▶ _Exercise details_
What is needed is an exact copy of the lines in the listing below, from the one with "proof (intro conjI" up to and including the one with "n) - unit_seq 0) j", with no other lines.

++++++

(* In the Banach space $\ell^\infty$ with the norm $\|\cdot\|_\infty$ topology, the set $A=\{e_1\}\cup\{e_1+e_n : n\in\mathbb{N}, n\ge 2\}$ is topologically independent but not minimal; in particular, it is not topologically linearly independent.
   Context: $e_i\in\ell^\infty$ denotes the sequence with $1$ in coordinate $i$ and $0$ elsewhere. A subset $A\subseteq X\setminus\{0\}$ of a topological vector space $X$ is topologically independent if for every neighborhood $W$ of $0$ there is a neighborhood $U$ of $0$ such that for every finite $F\subseteq A$ and integers $\{z_a: a\in F\}$, $\sum_{a\in F}z_a a\in U$ implies $z_a a\in W$ for all $a\in F$; topologically linearly independent is defined the same way with real coefficients instead of integers. $A$ is minimal if $a\notin\overline{\langle A\setminus\{a\}\rangle_{\mathbb{R}}}$ for every $a\in A$ (linear span, closure in $X$). *)

theory Defs
  imports "HOL-Analysis.Analysis"
begin

text \<open>The Banach space l-infinity: bounded real sequences with the sup norm, realised as
  bounded continuous functions on the discrete space nat (every function on nat is continuous).
  Coordinates are indexed from 0, so the paper's coordinate i corresponds to index i - 1.\<close>

type_synonym linf = "nat \<Rightarrow>\<^sub>C real"

definition unit_seq :: "nat \<Rightarrow> linf" where
  "unit_seq i = Bcontfun (\<lambda>j. if j = i then 1 else 0)"

definition nhd0 :: "'a::{real_vector,topological_space} set \<Rightarrow> bool" where
  "nhd0 W \<longleftrightarrow> (\<exists>V. open V \<and> 0 \<in> V \<and> V \<subseteq> W)"

definition top_independent :: "'a::{real_vector,topological_space} set \<Rightarrow> bool" where
  "top_independent A \<longleftrightarrow> 0 \<notin> A \<and>
     (\<forall>W. nhd0 W \<longrightarrow> (\<exists>U. nhd0 U \<and>
        (\<forall>F (z::'a \<Rightarrow> int). finite F \<and> F \<subseteq> A \<and> (\<Sum>a\<in>F. of_int (z a) *\<^sub>R a) \<in> U
            \<longrightarrow> (\<forall>a\<in>F. of_int (z a) *\<^sub>R a \<in> W))))"

definition top_lin_independent :: "'a::{real_vector,topological_space} set \<Rightarrow> bool" where
  "top_lin_independent A \<longleftrightarrow> 0 \<notin> A \<and>
     (\<forall>W. nhd0 W \<longrightarrow> (\<exists>U. nhd0 U \<and>
        (\<forall>F (z::'a \<Rightarrow> real). finite F \<and> F \<subseteq> A \<and> (\<Sum>a\<in>F. z a *\<^sub>R a) \<in> U
            \<longrightarrow> (\<forall>a\<in>F. z a *\<^sub>R a \<in> W))))"

definition minimal_set :: "'a::{real_vector,topological_space} set \<Rightarrow> bool" where
  "minimal_set A \<longleftrightarrow> (\<forall>a\<in>A. a \<notin> closure (span (A - {a})))"

end

theory Submission imports Defs begin

text \<open>Every finite integer combination of elements of A has its coefficient of e_1 + e_n as
  coordinate n and the sum of all its coefficients as coordinate 1, so an integer combination of
  sup norm below 1/2 has all coefficients zero: A is topologically independent.  On the other
  hand, the averages (1/N) \<Sum>n=2..N+1 (e_1 + e_n) lie within 1/N of e_1, so e_1 lies in the
  closed span of the rest and A is not minimal.  In any normed space, topological linear
  independence implies minimality: if a is a limit of combinations y of the other elements, then
  y - a is a small real combination whose a-term -a is not small.\<close>

lemma nhd0_iff_ball: "nhd0 W \<longleftrightarrow> (\<exists>r>0. ball (0::'a::real_normed_vector) r \<subseteq> W)"
  unfolding nhd0_def by (meson centre_in_ball open_ball open_contains_ball order_trans)

lemma nhd0_ball: "r > 0 \<Longrightarrow> nhd0 (ball (0::'a::real_normed_vector) r)"
  by (auto simp: nhd0_iff_ball)

lemma top_lin_independent_imp_minimal_set:
  fixes A :: "'a::real_normed_vector set"
  assumes "top_lin_independent A"
  shows "minimal_set A"
  unfolding minimal_set_def
proof (intro ballI notI)
  fix a assume "a \<in> A" and a_closure: "a \<in> closure (span (A - {a}))"
  with assms have "a \<noteq> 0" unfolding top_lin_independent_def by blast
  then have "nhd0 (ball (0::'a) (norm a))" by (simp add: nhd0_ball)
  with assms obtain U where "nhd0 U" and U:
    "\<And>F z. finite F \<Longrightarrow> F \<subseteq> A \<Longrightarrow> (\<Sum>b\<in>F. z b *\<^sub>R b) \<in> U \<Longrightarrow> \<forall>b\<in>F. z b *\<^sub>R b \<in> ball 0 (norm a)"
    unfolding top_lin_independent_def by meson
  then obtain r where "r > 0" and r: "ball 0 r \<subseteq> U" by (auto simp: nhd0_iff_ball)
  then obtain y where "y \<in> span (A - {a})" and "dist y a < r"
    using a_closure closure_approachable by blast
  then obtain F c where F: "finite F" "F \<subseteq> A - {a}" and y: "y = (\<Sum>b\<in>F. c b *\<^sub>R b)"
    unfolding span_explicit by blast
  define z where "z = c(a := -1)"
  have "(\<Sum>b\<in>F. z b *\<^sub>R b) = y"
    unfolding y z_def using F by (intro sum.cong) auto
  moreover have "a \<notin> F" using F by blast
  moreover have "z a = -1" by (simp add: z_def)
  ultimately have "(\<Sum>b\<in>insert a F. z b *\<^sub>R b) = y - a"
    using F by simp
  also have "\<dots> \<in> U"
    using r \<open>dist y a < r\<close> by (auto simp: dist_norm)
  finally have "z a *\<^sub>R a \<in> ball 0 (norm a)"
    using U[of "insert a F" z] F \<open>a \<in> A\<close> by blast
  then show False using \<open>z a = -1\<close> by simp
qed

lemma unit_seq_apply [simp]: "apply_bcontfun (unit_seq i) j = (if j = i then 1 else 0)"
proof -
  have "(\<lambda>j. if j = i then 1 else (0::real)) \<in> bcontfun"
    by (rule bcontfun_normI[where b=1]) auto
  then show ?thesis unfolding unit_seq_def by (simp add: Bcontfun_inverse)
qed

lemma apply_bcontfun_sum:
  "finite F \<Longrightarrow> apply_bcontfun (\<Sum>a\<in>F. f a) j = (\<Sum>a\<in>F. apply_bcontfun (f a) j)"
  by (induction F rule: finite_induct) auto

lemma abs_apply_bcontfun_le_norm: "\<bar>apply_bcontfun (f::linf) j\<bar> \<le> norm f"
  using norm_bounded[of f j] by simp

definition shifted_units :: "linf set" where
  "shifted_units = {unit_seq 0} \<union> {unit_seq 0 + unit_seq n | n. n \<ge> 1}"

lemma shifted_units_apply_0: "b \<in> shifted_units \<Longrightarrow> apply_bcontfun b 0 = 1"
  by (auto simp: shifted_units_def)

lemma shifted_units_apply_pos:
  assumes "b \<in> shifted_units" and "n \<ge> 1"
  shows "apply_bcontfun b n = (if b = unit_seq 0 + unit_seq n then 1 else 0)"
proof -
  have "apply_bcontfun b n = 1 \<longleftrightarrow> b = unit_seq 0 + unit_seq n"
  proof
    assume "apply_bcontfun b n = 1"
    then show "b = unit_seq 0 + unit_seq n"
      using assms by (auto simp: shifted_units_def split: if_splits)
  qed (use \<open>n \<ge> 1\<close> in simp)
  moreover have "apply_bcontfun b n \<in> {0, 1}"
    using assms by (auto simp: shifted_units_def)
  ultimately show ?thesis by auto
qed

lemma zero_notin_shifted_units: "0 \<notin> shifted_units"
  using shifted_units_apply_0 by fastforce

lemma int_combination_shifted_units_eq_0:
  fixes z :: "linf \<Rightarrow> int"
  assumes F: "finite F" "F \<subseteq> shifted_units"
    and small: "norm (\<Sum>b\<in>F. of_int (z b) *\<^sub>R b) < 1/2"
    and "a \<in> F"
  shows "z a = 0"
proof -
  define s where "s = (\<Sum>b\<in>F. of_int (z b) *\<^sub>R b)"
  have s_apply: "apply_bcontfun s j = (\<Sum>b\<in>F. of_int (z b) * apply_bcontfun b j)" for j
    unfolding s_def using F by (simp add: apply_bcontfun_sum)
  have int_small: "\<bar>apply_bcontfun s j\<bar> = \<bar>real_of_int k\<bar> \<Longrightarrow> k = 0" for j k
    using abs_apply_bcontfun_le_norm[of s j] small by (simp add: s_def)
  have shifted_0: "z b = 0" if "b \<in> F" and b_ne: "b \<noteq> unit_seq 0" for b
  proof -
    obtain n where "n \<ge> 1" and b: "b = unit_seq 0 + unit_seq n"
      using \<open>b \<in> F\<close> b_ne F unfolding shifted_units_def by blast
    have "apply_bcontfun s n = (\<Sum>c\<in>F. if c = b then of_int (z c) else 0)"
      unfolding s_apply using F \<open>n \<ge> 1\<close> by (intro sum.cong) (auto simp: b shifted_units_apply_pos)
    also have "\<dots> = of_int (z b)" using F \<open>b \<in> F\<close> by simp
    finally show ?thesis by (intro int_small[of n]) simp
  qed
  show ?thesis
  proof (cases "a = unit_seq 0")
    case True
    have "of_int (z c) * apply_bcontfun c 0 = (if c = a then of_int (z c) else 0)" if "c \<in> F" for c
      using that F(2) True shifted_0[of c] shifted_units_apply_0[of c] by auto
    then have "apply_bcontfun s 0 = (\<Sum>c\<in>F. if c = a then of_int (z c) else 0)"
      unfolding s_apply by (rule sum.cong[OF refl])
    also have "\<dots> = of_int (z a)" using F \<open>a \<in> F\<close> by simp
    finally show ?thesis by (intro int_small[of 0]) simp
  qed (use shifted_0 \<open>a \<in> F\<close> in blast)
qed

lemma top_independent_shifted_units: "top_independent shifted_units"
  unfolding top_independent_def
proof (intro conjI allI impI zero_notin_shifted_units)
  fix W :: "linf set" assume "nhd0 W"
  then have "0 \<in> W" by (auto simp: nhd0_iff_ball)
  moreover have "nhd0 (ball (0::linf) (1/2))" by (simp add: nhd0_ball)
  moreover have "\<forall>a\<in>F. of_int (z a) *\<^sub>R a \<in> W"
    if "finite F \<and> F \<subseteq> shifted_units \<and> (\<Sum>a\<in>F. of_int (z a) *\<^sub>R a) \<in> ball 0 (1/2)"
    for F and z :: "linf \<Rightarrow> int"
    using that int_combination_shifted_units_eq_0[of F z] \<open>0 \<in> W\<close> by auto
  ultimately show "\<exists>U. nhd0 U \<and> (\<forall>F (z::linf \<Rightarrow> int). finite F \<and> F \<subseteq> shifted_units \<and>
      (\<Sum>a\<in>F. of_int (z a) *\<^sub>R a) \<in> U \<longrightarrow> (\<forall>a\<in>F. of_int (z a) *\<^sub>R a \<in> W))"
    by blast
qed

lemma norm_average_shifted_units_le:
  assumes "N \<ge> 1"
  shows "norm ((1 / real N) *\<^sub>R (\<Sum>n=1..N. unit_seq 0 + unit_seq n) - unit_seq 0) \<le> 1 / real N"
proof (rule norm_bound)
  fix j
  have "apply_bcontfun ((1 / real N) *\<^sub>R (\<Sum>n=1..N. unit_seq 0 + unit_seq n) - unit_seq 0) j
      = (1 / real N) * (real N * (if j = 0 then 1 else 0) + (if j \<in> {1..N} then 1 else 0))
        - (if j = 0 then 1 else 0)"
    by (simp add: apply_bcontfun_sum sum.distrib)
  also have "\<dots> = (if j \<in> {1..N} then 1 / real N else 0)"
    using assms by (auto simp: field_simps)
  finally show "norm (apply_bcontfun ((1 / real N) *\<^sub>R (\<Sum>n=1..N. unit_seq 0 + unit_seq n)
      - unit_seq 0) j) \<le> 1 / real N"
    by simp
qed

lemma unit_seq_0_in_closure_span: "unit_seq 0 \<in> closure (span (shifted_units - {unit_seq 0}))"
proof (rule closure_approachable[THEN iffD2], intro allI impI)
  fix r :: real assume "r > 0"
  then obtain N where "N \<noteq> 0" and N: "inverse (real N) < r"
    using real_arch_inverse by blast
  let ?y = "(1 / real N) *\<^sub>R (\<Sum>n=1..N. unit_seq 0 + unit_seq n)"
  have "unit_seq 0 + unit_seq n \<in> shifted_units - {unit_seq 0}" if "n \<ge> 1" for n
    using that shifted_units_apply_pos[of "unit_seq 0" n]
    by (auto simp: shifted_units_def)
  then have "?y \<in> span (shifted_units - {unit_seq 0})"
    by (intro span_mul span_sum span_base) auto
  moreover have "dist ?y (unit_seq 0) < r"
    using norm_average_shifted_units_le[of N] \<open>N \<noteq> 0\<close> N by (simp add: dist_norm divide_inverse)
  ultimately show "\<exists>y\<in>span (shifted_units - {unit_seq 0}). dist y (unit_seq 0) < r" by blast
qed

lemma not_minimal_set_shifted_units: "\<not> minimal_set shifted_units"
proof -
  have "unit_seq 0 \<in> shifted_units" by (simp add: shifted_units_def)
  then show ?thesis
    unfolding minimal_set_def using unit_seq_0_in_closure_span by blast
qed

theorem mainTheorem13:
  defines "A \<equiv> {unit_seq 0} \<union> {unit_seq 0 + unit_seq n | n. n \<ge> 1}"
  shows "top_independent A \<and> \<not> minimal_set A \<and> \<not> top_lin_independent A"
proof -
  have "A = shifted_units" by (simp add: A_def shifted_units_def)
  then show ?thesis
    using top_independent_shifted_units not_minimal_set_shifted_units
      top_lin_independent_imp_minimal_set by blast
qed

end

++++++

▶ _Output below_
proof (intro conjI allI impI zero_notin_shifted_units)
  fix W :: "linf set" assume "nhd0 W"
  then have "0 \<in> W" by (auto simp: nhd0_iff_ball)
  moreover have "nhd0 (ball (0::linf) (1/2))" by (simp add: nhd0_ball)
  moreover have "\<forall>a\<in>F. of_int (z a) *\<^sub>R a \<in> W"
    if "finite F \<and> F \<subseteq> shifted_units \<and> (\<Sum>a\<in>F. of_int (z a) *\<^sub>R a) \<in> ball 0 (1/2)"
    for F and z :: "linf \<Rightarrow> int"
    using that int_combination_shifted_units_eq_0[of F z] \<open>0 \<in> W\<close> by auto
  ultimately show "\<exists>U. nhd0 U \<and> (\<forall>F (z::linf \<Rightarrow> int). finite F \<and> F \<subseteq> shifted_units \<and>
      (\<Sum>a\<in>F. of_int (z a) *\<^sub>R a) \<in> U \<longrightarrow> (\<forall>a\<in>F. of_int (z a) *\<^sub>R a \<in> W))"
    by blast
qed

lemma norm_average_shifted_units_le:
  assumes "N \<ge> 1"
  shows "norm ((1 / real N) *\<^sub>R (\<Sum>n=1..N. unit_seq 0 + unit_seq n) - unit_seq 0) \<le> 1 / real N"
proof (rule norm_bound)
  fix j
  have "apply_bcontfun ((1 / real N) *\<^sub>R (\<Sum>n=1..N. unit_seq 0 + unit_seq n) - unit_seq 0) j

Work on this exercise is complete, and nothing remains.